Saturday, 17 April 2021

Vanishing Point (1971)

Vanishing Point is a 1971 road movie, a genre for which I have some fondness. It’s a few other things as well, some good and some bad, as we shall see.

It was a fairly low-budget movie, directed by Richard C. Sarafian, and it gained quite a cult following which to some extent it still retains.

There’s virtually no plot. Kowalski (Barry Newman) is a former cop and former racing driver who now makes his living delivering cars cross-country. Having just finished one gruelling delivery he immediately embarks on another, delivering a souped-up Dodge Challenger from Colorado to San Francisco. He makes a bet with his drug dealer that he can deliver the car in fifteen hours, which is apparently impossible but Kowalski is so full of speed he figures he can do it anyway.

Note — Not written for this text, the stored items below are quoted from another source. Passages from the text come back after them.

(* Let $g>0$, $p_0<p_1<0$, $[\![\rho]\!]<0$, $\Gamma_{\mathrm{rel}}>0$ and $\lambda>0$. For each integer $n\ge1$, there exists a nontrivial solution $M$ to problem $(P_n)$ if and only if $\lambda=\lambda_n^*$, where $\lambda_n^*$ satisfies $$\frac{g[\![\rho]\!]}{n}=\Gamma_{\mathrm{rel}}^2\coth\Big(\frac{np_1}{\Gamma_{\mathrm{rel}}}\Big)-(\lambda_n^* )^2\coth\Big(\frac{n(p_1-p_0)}{\lambda_n^*}\Big).$$ Such a $\lambda_n^*>0$ exists if and only if $$\frac{g[\![\rho]\!]}{n}-\Gamma_{\mathrm{rel}}^2\coth\Big(\frac{np_1}{\Gamma_{\mathrm{rel}}}\Big)<0,$$ and if it exists it is unique. In that case the space of solutions of $(P_n)$ with $\lambda=\lambda_n^*$ is one-dimensional and spanned by $$M_n^*(p)=\begin{cases}\sinh\big(\frac{np}{\Gamma_{\mathrm{rel}}}\big), & p_1<p<0,\\ \mu\sinh\big(\frac{n(p-p_0)}{\lambda_n^*}\big), & p_0<p<p_1,\end{cases}\qquad \mu=\frac{\sinh\big(\frac{np_1}{\Gamma_{\mathrm{rel}}}\big)}{\sinh\big(\frac{n(p_1-p_0)}{\lambda_n^*}\big)} .$$ Finally, there are nontrivial solutions to $(P_0)$ if and only if $\lambda=\lambda_0$, where $\lambda_0^3=-g[\![\rho]\!](p_1-p_0)$.
   Context: Let $a_\lambda(p)=\Gamma_{\mathrm{rel}}$ for $p_1<p<0$ and $a_\lambda(p)=\lambda$ for $p_0<p<p_1$. For $f$ defined on both sides of $p_1$, $[\![f]\!]=f(p_1^+)-f(p_1^-)$. Problem $(P_n)$, $n\ge1$: find $M\in C([p_0,0])$, $C^2$ on $[p_0,p_1]$ and on $[p_1,0]$, with $a_\lambda^2M_{pp}=n^2M$ on $(p_0,p_1)\cup(p_1,0)$, $[\![a_\lambda^3M_p]\!]=g[\![\rho]\!]M(p_1)$, $M(p_0)=0$, $M(0)=0$. Problem $(P_0)$: same regularity, with $a_\lambda^2M_{pp}=0$ on $(p_0,p_1)\cup(p_1,0)$, $[\![a_\lambda^3M_p]\!]=g[\![\rho]\!]M(p_1)$, $M(p_0)=0$, $M(0)=M(p_1)$. *)

theory Defs
  imports "HOL-Analysis.Analysis"
begin

definition coth :: "real \<Rightarrow> real" where
  "coth x = cosh x / sinh x"

definition a_lam :: "real \<Rightarrow> real \<Rightarrow> real \<Rightarrow> real \<Rightarrow> real" where
  "a_lam Gam lam p1 p = (if p1 < p then Gam else lam)"

definition C2_on :: "real \<Rightarrow> real \<Rightarrow> (real \<Rightarrow> real) \<Rightarrow> (real \<Rightarrow> real) \<Rightarrow> (real \<Rightarrow> real) \<Rightarrow> bool" where
  "C2_on a b M D1 D2 \<longleftrightarrow>
     (\<forall>x\<in>{a..b}. (M has_real_derivative D1 x) (at x within {a..b}) \<and>
                  (D1 has_real_derivative D2 x) (at x within {a..b})) \<and>
     continuous_on {a..b} D2"

text \<open>Problem (P_n). L1,L2: derivatives of the piece on [p0,p1]; R1,R2: on [p1,0].
  The jump [[a^3 M_p]] = a(p1+)^3 M_p(p1+) - a(p1-)^3 M_p(p1-).\<close>
definition solP :: "real \<Rightarrow> real \<Rightarrow> real \<Rightarrow> real \<Rightarrow> real \<Rightarrow> real \<Rightarrow> nat \<Rightarrow> (real \<Rightarrow> real) \<Rightarrow> bool" where
  "solP g rj Gam lam p0 p1 n M \<longleftrightarrow>
     continuous_on {p0..0} M \<and>
     (\<exists>L1 L2 R1 R2. C2_on p0 p1 M L1 L2 \<and> C2_on p1 0 M R1 R2 \<and>
        (\<forall>p\<in>{p0<..<p1}. (a_lam Gam lam p1 p)^2 * L2 p = (real n)^2 * M p) \<and>
        (\<forall>p\<in>{p1<..<0}. (a_lam Gam lam p1 p)^2 * R2 p = (real n)^2 * M p) \<and>
        Gam^3 * R1 p1 - lam^3 * L1 p1 = g * rj * M p1) \<and>
     M p0 = 0 \<and> M 0 = 0"

definition solP0 :: "real \<Rightarrow> real \<Rightarrow> real \<Rightarrow> real \<Rightarrow> real \<Rightarrow> real \<Rightarrow> (real \<Rightarrow> real) \<Rightarrow> bool" where
  "solP0 g rj Gam lam p0 p1 M \<longleftrightarrow>
     continuous_on {p0..0} M \<and>
     (\<exists>L1 L2 R1 R2. C2_on p0 p1 M L1 L2 \<and> C2_on p1 0 M R1 R2 \<and>
        (\<forall>p\<in>{p0<..<p1}. (a_lam Gam lam p1 p)^2 * L2 p = 0) \<and>
        (\<forall>p\<in>{p1<..<0}. (a_lam Gam lam p1 p)^2 * R2 p = 0) \<and>
        Gam^3 * R1 p1 - lam^3 * L1 p1 = g * rj * M p1) \<and>
     M p0 = 0 \<and> M 0 = M p1"

definition disp :: "real \<Rightarrow> real \<Rightarrow> real \<Rightarrow> real \<Rightarrow> real \<Rightarrow> nat \<Rightarrow> real \<Rightarrow> bool" where
  "disp g rj Gam p0 p1 n ls \<longleftrightarrow>
     g * rj / real n = Gam^2 * coth (real n * p1 / Gam) - ls^2 * coth (real n * (p1 - p0) / ls)"

text \<open>The eigenfunction M_n^* (at p1 both branches agree by the choice of mu).\<close>
definition Mstar :: "real \<Rightarrow> real \<Rightarrow> real \<Rightarrow> nat \<Rightarrow> real \<Rightarrow> real \<Rightarrow> real" where
  "Mstar Gam p0 p1 n ls p =
     (let mu = sinh (real n * p1 / Gam) / sinh (real n * (p1 - p0) / ls) in
      if p1 \<le> p then sinh (real n * p / Gam) else mu * sinh (real n * (p - p0) / ls))"

end

theory Submission
  imports Defs
begin

text \<open>On each layer the equation is \<open>M'' = (n/a)\<^sup>2 M\<close> with a constant coefficient, so the boundary
  conditions \<open>M(p\<^sub>0) = M(0) = 0\<close> force \<open>M\<close> to be a multiple of \<open>sinh\<close> on either side of \<open>p\<^sub>1\<close>;
  continuity at \<open>p\<^sub>1\<close> ties the two multiples together, and the jump condition leaves a single
  linear equation in the remaining constant, which has a nonzero solution exactly when the
  dispersion relation holds. In terms of \<open>\<lambda>\<close> the relation reads \<open>\<lambda>\<^sup>2 coth(c/\<lambda>) = K\<close> with
  \<open>c = n(p\<^sub>1 - p\<^sub>0) > 0\<close>, and \<open>\<lambda> \<mapsto> \<lambda>\<^sup>2 coth(c/\<lambda>)\<close> increases strictly from \<open>0\<close> to \<open>\<infinity>\<close>, so a
  positive root exists iff \<open>K > 0\<close> and is then unique. For \<open>(P\<^sub>0)\<close> the solutions are
  piecewise affine, and the condition \<open>M(0) = M(p\<^sub>1)\<close> makes the upper piece constant.\<close>

lemma exp_growth_solution:
  fixes u :: "real \<Rightarrow> real"
  assumes u: "\<And>y. y \<in> {a..b} \<Longrightarrow> (u has_real_derivative k * u y) (at y within {a..b})"
    and x0: "x0 \<in> {a..b}" and x: "x \<in> {a..b}"
  shows "u x = u x0 * exp (k * (x - x0))"
proof -
  have "((\<lambda>y. u y * exp (- (k * y))) has_real_derivative 0) (at y within {a..b})"
    if "y \<in> {a..b}" for y
    using u[OF that] by (auto intro!: derivative_eq_intros)
  then obtain c where "\<forall>y\<in>{a..b}. u y * exp (- (k * y)) = c"
    using has_field_derivative_zero_constant[OF convex_real_interval(5)] by blast
  then have "u x * exp (- (k * x)) = u x0 * exp (- (k * x0))"
    using x0 x by simp
  then have "u x = u x0 * exp (- (k * x0)) * exp (k * x)"
    by (metis exp_minus_inverse mult.assoc mult.right_neutral)
  then show ?thesis
    by (simp add: exp_add[symmetric] algebra_simps)
qed

lemma continuous_on_eq_on_interior_interval:
  fixes f h :: "real \<Rightarrow> real"
  assumes "a < b" "continuous_on {a..b} f" "continuous_on {a..b} h"
    and "\<And>x. x \<in> {a<..<b} \<Longrightarrow> f x = h x" and "x \<in> {a..b}"
  shows "f x = h x"
proof -
  have "continuous_on (closure {a<..<b}) (\<lambda>x. f x - h x)"
    using assms by (auto intro!: continuous_intros)
  then have "f x - h x = 0"
    using continuous_constant_on_closure[of "{a<..<b}" "\<lambda>x. f x - h x" 0 x] assms by auto
  then show ?thesis by simp
qed

subsection \<open>Functions of class \<open>C\<^sup>2\<close> on a closed interval\<close>

lemma C2_on_continuous:
  assumes "C2_on a b M D1 D2"
  shows "continuous_on {a..b} M"
  using assms DERIV_continuous unfolding C2_on_def continuous_on_eq_continuous_within by blast

lemma C2_on_continuous_join:
  assumes "a \<le> b" "b \<le> c" "C2_on a b M D1 D2" "C2_on b c M E1 E2"
  shows "continuous_on {a..c} M"
proof -
  have "{a..c} = {a..b} \<union> {b..c}" using assms by auto
  then show ?thesis
    using continuous_on_closed_Un[OF closed_atLeastAtMost closed_atLeastAtMost
        C2_on_continuous[OF assms(3)] C2_on_continuous[OF assms(4)]] by simp
qed

lemma C2_on_if_eq_on:
  assumes "\<And>x. x \<in> {a..b} \<Longrightarrow> M x = f x"
    and "\<And>x. (f has_real_derivative D1 x) (at x)" "\<And>x. (D1 has_real_derivative D2 x) (at x)"
    and "continuous_on {a..b} D2"
  shows "C2_on a b M D1 D2"
  unfolding C2_on_def
proof (intro conjI ballI assms(4))
  fix x assume x: "x \<in> {a..b}"
  show "(M has_real_derivative D1 x) (at x within {a..b})"
    by (rule has_field_derivative_transform_within[OF
          has_field_derivative_at_within[OF assms(2)] zero_less_one x])
       (use assms(1) in auto)
  show "(D1 has_real_derivative D2 x) (at x within {a..b})"
    by (rule has_field_derivative_at_within[OF assms(3)])
qed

Not surprisingly he infringes a few traffic laws along the way but he’s in a hurry so he outruns the Highway Patrol. Eventually there’s a massive manhunt across four states to catch him, even though he’s been guilty of nothing other than a few traffic violations. You see the Establishment is out to get him because he’s a Rebel. He just wants to be free, man, and the Establishment won’t let him.

He forms some kind of crazy telepathic bond with a hyped-up blind black DJ (played by Cleavon Little) known as Super Soul. Super Soul offers him advice over the airwaves but Kowalski seems to hear the messages whether his radio is turned on or not. Super Soul is not just giving him advice on evading the cops but also acts as a kind of spiritual guru.


Kowalski has a few adventures along the way - a race with an E-Type Jaguar, an encounter with two very fey carjackers, a meeting with a crazy old man in the desert who collects rattlesnakes for a living, a meeting with some Jesus Freaks and a friendly biker who offers advice and drugs. And there’s also a nude girl on a motorcycle.

Kowalski also has flashbacks to pivotal events in his life, such as his girlfriend’s death and the events which got him kicked out of the police force.

Vanishing Point starts off pretty well. The first half of the movie is mostly high-speed car chase stuff and the stunt driving was quite superb by the standards of the day and still holds up pretty well (and has the advantage of being much more realistic and plausible than later car chase movies).

Then we get to the halfway point and it all falls apart. It starts to get into hippie-dippie counter-culture stuff and becomes unbearably pretentious and dull. All the excitement disappears and the pace slows to a crawl. And we get some quasi-mystical nonsense as well as some incredibly heavy-handed political stuff that serves no purpose other than reinforcing the whole “the evil Establishment wants to stifle our free expression” vibe.


Even the nude girl on the motorcycle is unlikely to keep you awake during the movie’s second half.

Barry Newman’s performance is odd but effective. Much of the time Kowalski is just staring into space and we wonder if he can even see the road. Maybe he’s not seeing it with his eyes but with his soul, man. It’s a performance that works within the context of the film. The rest of the acting is ham-fisted and generally embarrassingly obvious.

Guillermo Cabrera Infante’s screenplay is mostly just incoherent and self-indulgent. I think the movie is trying to say something about different planes of existence and how the material world is just one of those planes.

John Alonzo’s cinematography is at times quite stunning.


Director Richard C. Sarafian handles the action sequences extremely well and that’s the most positive thing I can say about his directing.

This move has been given a luxury two-disc Blu-Ray release which includes both the US theatrical version and the British theatrical release (which is apparently even longer which is a truly horrifying thought since the US version is already way too long). There’s an audio commentary by the director.

If you’re looking for a 1970s road movie that is actually worth seeing, watch Two-Lane Blacktop instead.

Another movie similar in style to Vanishing Point but which does the arty road trip thing much more successfully and is much more worth seeing is Jack Cardiff’s Girl on a Motorcycle (with Marianne Faithfull).

If you liked Easy Rider you’ll probably like this film. For me it was just too pretentious and too pseudo-mystical and too long and too boring and I can’t recommend it.